# A space is Hausdorff iff the diagonal is closed [duplicate]

Let X be a topological space. Prove that X is a T2-space if and only if $A = \{ (x,x) : x \in X \}$ is closed in $X \times X$.

I've been able to prove first part of the result but not the converse.

For the first part,

We have X is T2. hence X x X is also T2. Hence X x X is T1.

Then for any z belonging to A and y not belonging A, there exist an open set U in X x X such that y belongs to U but z doesn't belong to U.

Hence for every z belonging to A and for a fixed y not belonging to A , there exists an open set V(y) in X x X such that "V(y) intersection A" is empty.

hence (X x X) - A = Union of all V(y)'s such that y doesn't belong to A.

since arbitrary union of open sets is open, hence (X x X) - A is also open in X x X , Implying that A is closed in X x X. ( Is this proof valid ? )

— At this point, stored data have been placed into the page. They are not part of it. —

(* Let $L\ge2$ and let $\mathcal H_1^L$ be the complete 1-constituent CCRN of length $L$ and order two. Then its number of complexes is $|\mathcal C_L|=\frac{(L+1)(L+2)}{2}-4$, its number of linkage classes is $\ell=2L-3$, the dimension of its stoichiometric subspace is $s=L-1$, and its deficiency is $\delta=|\mathcal C_L|-\ell-s=\frac{(L-1)(L-2)}{2}$.
   Context: The complete 1-constituent CCRN of length $L$ and order two has species set $\{\bar1,\dots,\bar L\}$ (cluster $\bar n$ has size $n$). A complex is a multiset of one or two species, written $\bar a$ or $\bar a+\bar b$, with size $a$, resp. $a+b$. The reaction set consists of all reactions $y\to y'$ between two distinct complexes $y\ne y'$ of width at most two having the same size (i.e. all $\bar a+\bar b\to\bar c+\bar d$ and $\bar a+\bar b\rightleftharpoons\bar c$ etc. with $a+b=c+d$, resp. $a+b=c$), so every reaction is reversible. The complex set $\mathcal C_L$ consists of the complexes that occur as input or output of at least one reaction. Linkage classes are the connected components of the (undirected) graph with vertex set $\mathcal C_L$ and an edge for each reaction. Each reaction $y\to y'$ has reaction vector $y'-y\in\mathbb Z^L$ (counting species multiplicities), the stoichiometric subspace is the span of all reaction vectors, $s$ is its dimension, and the deficiency is $\delta=|\mathcal C_L|-\ell-s$. *)

theory Defs
  imports Complex_Main "HOL-Library.Multiset" "HOL-Library.Function_Algebras"
begin

text \<open>Complexes are multisets of species; species are the cluster sizes 1..L.
  Width at most two (one or two species).\<close>

definition cplx_size :: "nat multiset \<Rightarrow> nat" where
  "cplx_size y = sum_mset y"

definition width_le2_complexes :: "nat \<Rightarrow> nat multiset set" where
  "width_le2_complexes L =
     {y. set_mset y \<subseteq> {1..L} \<and> (size y = 1 \<or> size y = 2)}"

definition ccrn_reactions :: "nat \<Rightarrow> (nat multiset \<times> nat multiset) set" where
  "ccrn_reactions L =
     {(y, y'). y \<in> width_le2_complexes L \<and> y' \<in> width_le2_complexes L \<and>
               y \<noteq> y' \<and> cplx_size y = cplx_size y'}"

definition ccrn_complexes :: "nat \<Rightarrow> nat multiset set" where
  "ccrn_complexes L = {y. \<exists>y'. (y, y') \<in> ccrn_reactions L \<or> (y', y) \<in> ccrn_reactions L}"

definition ccrn_linkage_classes :: "nat \<Rightarrow> nat multiset set set" where
  "ccrn_linkage_classes L =
     ccrn_complexes L // ((ccrn_reactions L \<union> (ccrn_reactions L)\<inverse>)\<^sup>*)"

text \<open>Reaction vector y' - y in R^L (species indexed by 1..L, as a function nat => real).\<close>
definition reaction_vector :: "nat multiset \<Rightarrow> nat multiset \<Rightarrow> (nat \<Rightarrow> real)" where
  "reaction_vector y y' = (\<lambda>i. real (count y' i) - real (count y i))"

definition fscale :: "real \<Rightarrow> (nat \<Rightarrow> real) \<Rightarrow> (nat \<Rightarrow> real)" where
  "fscale c f = (\<lambda>i. c * f i)"

definition ccrn_stoich_dim :: "nat \<Rightarrow> nat" where
  "ccrn_stoich_dim L =
     vector_space.dim fscale ((\<lambda>(y, y'). reaction_vector y y') ` ccrn_reactions L)"

definition ccrn_deficiency :: "nat \<Rightarrow> int" where
  "ccrn_deficiency L = int (card (ccrn_complexes L)) - int (card (ccrn_linkage_classes L))
                        - int (ccrn_stoich_dim L)"

end

theory Submission
  imports Defs
begin

text \<open>A complex of width at most two is a singleton or an unordered pair from \<open>{1..L}\<close>, and two
  distinct such complexes react iff they have the same size, so "reacting or equal" is already
  transitive and the linkage classes are exactly the size fibres. The sizes \<open>1\<close>, \<open>2L-1\<close>, \<open>2L\<close>
  are each carried by a single complex, hence by no reaction; every size in \<open>{2..2L-2}\<close> is carried
  by at least two. This gives \<open>L + L(L+1)/2 - 3\<close> complexes in \<open>2L-3\<close> linkage classes.
  Writing \<open>e\<^sub>k\<close> for the unit vectors, a complex \<open>y\<close> of size \<open>n\<close> satisfies
  \<open>y - n e\<^sub>1 \<in> span {e\<^sub>k - e\<^sub>1 - e\<^sub>k\<^sub>-\<^sub>1 | 2 \<le> k \<le> L}\<close>, so these \<open>L-1\<close> reaction vectors, which are
  triangular and hence independent, form a basis of the stoichiometric subspace.\<close>

section \<open>Complexes of width at most two\<close>

lemma add_mset_pair_eq_iff:
  "{#a, b#} = {#c, d#} \<longleftrightarrow> (a = c \<and> b = d) \<or> (a = d \<and> b = c)"
  by (auto simp: add_eq_conv_diff)

lemma cplx_size_single [simp]: "cplx_size {#a#} = a"
  by (simp add: cplx_size_def)

lemma cplx_size_pair [simp]: "cplx_size {#a, b#} = a + b"
  by (simp add: cplx_size_def)

lemma size_2_pair_mset:
  assumes "size y = 2"
  obtains a b where "y = {#a, b#}" "a \<le> (b :: 'a :: linorder)"
proof -
  obtain a b where ab: "y = {#a, b#}"
    using assms
    by (metis numeral_2_eq_2 size_eq_Suc_imp_eq_union size_eq_0_iff_empty Suc_inject size_add_mset)
  show ?thesis
  proof (cases "a \<le> b")
    case True
    then show ?thesis using that ab by blast
  next
    case False
    then show ?thesis using that[of b a] ab by (simp add: add_mset_commute)
  qed
qed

Now how to prove the converse part ?

## marked as duplicate by Najib Idrissi, Community♦Apr 20 '15 at 9:15

your prove is not correct at the part "hence (X x X) - A = Union of all V(y)'s such that y doesn't belong to A.". This question can be solved directly by using the fact that every points have neighbourhood $U_1 \times U_2$ with$U_1,U_2$ is open subset. try to use thit :)